The model is parameterized here with student abilities `alpha`

being given a standard normal prior. This is to identify both the scale and the location of the parameters, both of which would be unidentified otherwise; see the problematic posteriors chapter for further discussion of identifiability. The difficulty and discrimination parameters `beta`

and `gamma`

then have varying scales given hierarchically in this model. They could also be given weakly informative non-hierarchical priors, such as

```
beta ~ normal(0, 5);
gamma ~ lognormal(0, 2);
```

The point is that the `alpha`

determines the scale and location and `beta`

and `gamma`

are allowed to float.

The `beta`

parameter is here given a non-centered parameterization, with parameter `mu_beta`

serving as the mean `beta`

location. An alternative would’ve been to take:

`beta ~ normal(mu_beta, sigma_beta);`

and

`y[n] ~ bernoulli_logit(gamma[kk[n]] * (alpha[jj[n]] - beta[kk[n]]));`

Non-centered parameterizations tend to be more efficient in hierarchical models; see the reparameterization section for more information on non-centered reparameterizations.

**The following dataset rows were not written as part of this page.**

lemma circle_attracting_repelling_fp:
  fixes H :: "complex \<Rightarrow> complex"
  assumes p: "cmod p = 1" and q: "cmod q = 1" "H q = q" and pq: "p \<noteq> q" and k: "cmod k < 1"
    and H: "\<And>z. cmod z = 1 \<Longrightarrow> z \<noteq> q \<Longrightarrow>
      cmod (H z) = 1 \<and> H z \<noteq> q \<and> (H z - p) / (H z - q) = k * ((z - p) / (z - q))"
  shows "circle_attracting_fp H p" and "circle_repelling_fp H q"
proof -
  have "H p = p"
    using H [OF p pq] by auto
  have iterate: "cmod ((H ^^ n) y) = 1 \<and> (H ^^ n) y \<noteq> q \<and>
      ((H ^^ n) y - p) / ((H ^^ n) y - q) = k ^ n * ((y - p) / (y - q))"
    if "cmod y = 1" "y \<noteq> q" for y n
    using that by (induction n) (simp_all add: H)
  have invert: "x = (p - q * ((x - p) / (x - q))) / (1 - (x - p) / (x - q))" if "x \<noteq> q" for x
  proof -
    have "1 - (x - p) / (x - q) = (p - q) / (x - q)"
      and "p - q * ((x - p) / (x - q)) = x * (p - q) / (x - q)"
      using that by (simp_all add: field_simps)
    then show ?thesis
      using that pq by simp
  qed
  have converge: "(\<lambda>n. (H ^^ n) y) \<longlonglongrightarrow> p" if y: "cmod y = 1" "y \<noteq> q" for y
  proof -
    define \<rho> where "\<rho> = (y - p) / (y - q)"
    have "(H ^^ n) y = (p - q * (k ^ n * \<rho>)) / (1 - k ^ n * \<rho>)" for n
    proof -
      have "(H ^^ n) y \<noteq> q" "((H ^^ n) y - p) / ((H ^^ n) y - q) = k ^ n * \<rho>"
        using iterate [OF y] unfolding \<rho>_def by auto
      then show ?thesis
        using invert by metis
    qed
    moreover have "(\<lambda>n. (p - q * (k ^ n * \<rho>)) / (1 - k ^ n * \<rho>)) \<longlonglongrightarrow> (p - q * (0 * \<rho>)) / (1 - 0 * \<rho>)"
      by (intro tendsto_intros LIMSEQ_power_zero k) simp
    ultimately show ?thesis
      by simp
  qed
  have "cmod (p - q) > 0"
    using pq by simp
  then show "circle_attracting_fp H p"
    unfolding circle_attracting_fp_def using p \<open>H p = p\<close> converge
    by (intro conjI exI [of _ "cmod (p - q)"]) (metis norm_minus_commute order.irrefl)+
  show "circle_repelling_fp H q"
    unfolding circle_repelling_fp_def
  proof (intro conjI exI [of _ "cmod (p - q) / 2"] allI impI)
    fix y assume y: "cmod y = 1 \<and> 0 < cmod (y - q) \<and> cmod (y - q) < cmod (p - q) / 2"
    have "\<forall>\<^sub>F n in sequentially. dist ((H ^^ n) y) p < cmod (p - q) / 2"
      using converge y \<open>cmod (p - q) > 0\<close> by (intro tendstoD) auto
    then obtain n where n: "cmod ((H ^^ n) y - p) < cmod (p - q) / 2"
      by (auto simp: eventually_sequentially dist_norm)
    have "cmod (p - q) \<le> cmod ((H ^^ n) y - p) + cmod ((H ^^ n) y - q)"
      using norm_triangle_ineq4 [of "(H ^^ n) y - q" "(H ^^ n) y - p"] by simp
    then show "\<exists>n. cmod ((H ^^ n) y - q) \<ge> cmod (p - q) / 2"
      using n by (intro exI [of _ n]) simp
  qed (use q \<open>cmod (p - q) > 0\<close> in auto)
qed

lemma moebius_fixed_points_hyperbolic:
  assumes M: "su11 (\<alpha>, \<beta>)" and "Re \<alpha> < -1"
  defines "r \<equiv> sqrt ((Re \<alpha>)\<^sup>2 - 1)"
  defines "p \<equiv> Complex (- r) (Im \<alpha>) / cnj \<beta>" and "q \<equiv> Complex r (Im \<alpha>) / cnj \<beta>"
  shows "r > 0" and "p \<noteq> q" and "{z. cmod z = 1 \<and> moebius (\<alpha>, \<beta>) z = z} = {p, q}"
proof -
  have "1 < (- Re \<alpha>)\<^sup>2"
    using \<open>Re \<alpha> < -1\<close> by (intro one_less_power) auto
  then have "1 < (Re \<alpha>)\<^sup>2"
    by simp
  then show "r > 0"
    by (simp add: r_def)
  from \<open>1 < (Re \<alpha>)\<^sup>2\<close> have r: "r\<^sup>2 = (Re \<alpha>)\<^sup>2 - 1"
    by (simp add: r_def)
  have \<beta>: "(cmod \<beta>)\<^sup>2 = r\<^sup>2 + (Im \<alpha>)\<^sup>2"
    using M r by (simp add: cmod_power2 [of \<alpha>])
  moreover have "0 < r\<^sup>2"
    using \<open>r > 0\<close> by simp
  ultimately have "0 < (cmod \<beta>)\<^sup>2"
    by (metis add_pos_nonneg zero_le_power2)
  then have "\<beta> \<noteq> 0"
    by auto
  then have \<beta>pq: "cnj \<beta> * p = Complex (- r) (Im \<alpha>)" "cnj \<beta> * q = Complex r (Im \<alpha>)"
    by (simp_all add: p_def q_def)
  then show "p \<noteq> q"
    using \<open>r > 0\<close> by auto
  have "cmod (Complex x (Im \<alpha>)) = cmod \<beta>" if "x\<^sup>2 = r\<^sup>2" for x
  proof -
    have "(cmod (Complex x (Im \<alpha>)))\<^sup>2 = (cmod \<beta>)\<^sup>2"
      using \<beta> that by (simp only: cmod_power2 complex.sel)
    then show ?thesis
      by (simp add: power2_eq_iff_nonneg)
  qed
  then have pq_circle: "cmod p = 1" "cmod q = 1"
    using \<open>\<beta> \<noteq> 0\<close> by (simp_all add: p_def q_def norm_divide)
  show "{z. cmod z = 1 \<and> moebius (\<alpha>, \<beta>) z = z} = {p, q}"
  proof (intro set_eqI iffI)
    fix z assume "z \<in> {z. cmod z = 1 \<and> moebius (\<alpha>, \<beta>) z = z}"
    then have z: "cmod z = 1" and "Im (cnj \<beta> * z) = Im \<alpha>"
      using moebius_fixed_point_iff M by auto
    moreover have "(cmod (cnj \<beta> * z))\<^sup>2 = r\<^sup>2 + (Im \<alpha>)\<^sup>2"
      using z \<beta> by (simp add: norm_mult)
    ultimately have "(Re (cnj \<beta> * z))\<^sup>2 = r\<^sup>2"
      by (simp add: cmod_power2)
    then have "Re (cnj \<beta> * z) = r \<or> Re (cnj \<beta> * z) = - r"
      by (simp add: power2_eq_iff)
    then have "cnj \<beta> * z = cnj \<beta> * p \<or> cnj \<beta> * z = cnj \<beta> * q"
      using \<open>Im (cnj \<beta> * z) = Im \<alpha>\<close> \<beta>pq by (auto simp: complex_eq_iff)
    then show "z \<in> {p, q}"
      using \<open>\<beta> \<noteq> 0\<close> by auto
  next
    fix z assume "z \<in> {p, q}"
    moreover have "moebius (\<alpha>, \<beta>) p = p" "moebius (\<alpha>, \<beta>) q = q"
      using moebius_fixed_point_iff [OF M] pq_circle \<beta>pq by (metis complex.sel(2))+
    ultimately show "z \<in> {z. cmod z = 1 \<and> moebius (\<alpha>, \<beta>) z = z}"
      using pq_circle by auto
  qed
qed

The intercept term `mu_beta`

can’t itself be modeled hierarchically, so it is given a weakly informative \(\textsf{Cauchy}(0,5)\) prior. Similarly, the scale terms, `sigma_beta`

, and `sigma_gamma`

, are given half-Cauchy priors. As mentioned earlier, the scale and location for `alpha`

are fixed to ensure identifiability. The truncation in the half-Cauchy prior is implicit; explicit truncation is not necessary because the log probability need only be calculated up to a proportion and the scale variables are constrained to \((0,\infty)\) by their declarations.

*References*

Gelman, Andrew, and Jennifer Hill. 2007. *Data Analysis Using Regression and Multilevel-Hierarchical Models*. Cambridge, United Kingdom: Cambridge University Press.

Curtis, S. McKay. 2010. “BUGS Code for Item Response Theory.” *Journal of Statistical Software* 36 (1). American Statistical Association: 1–34.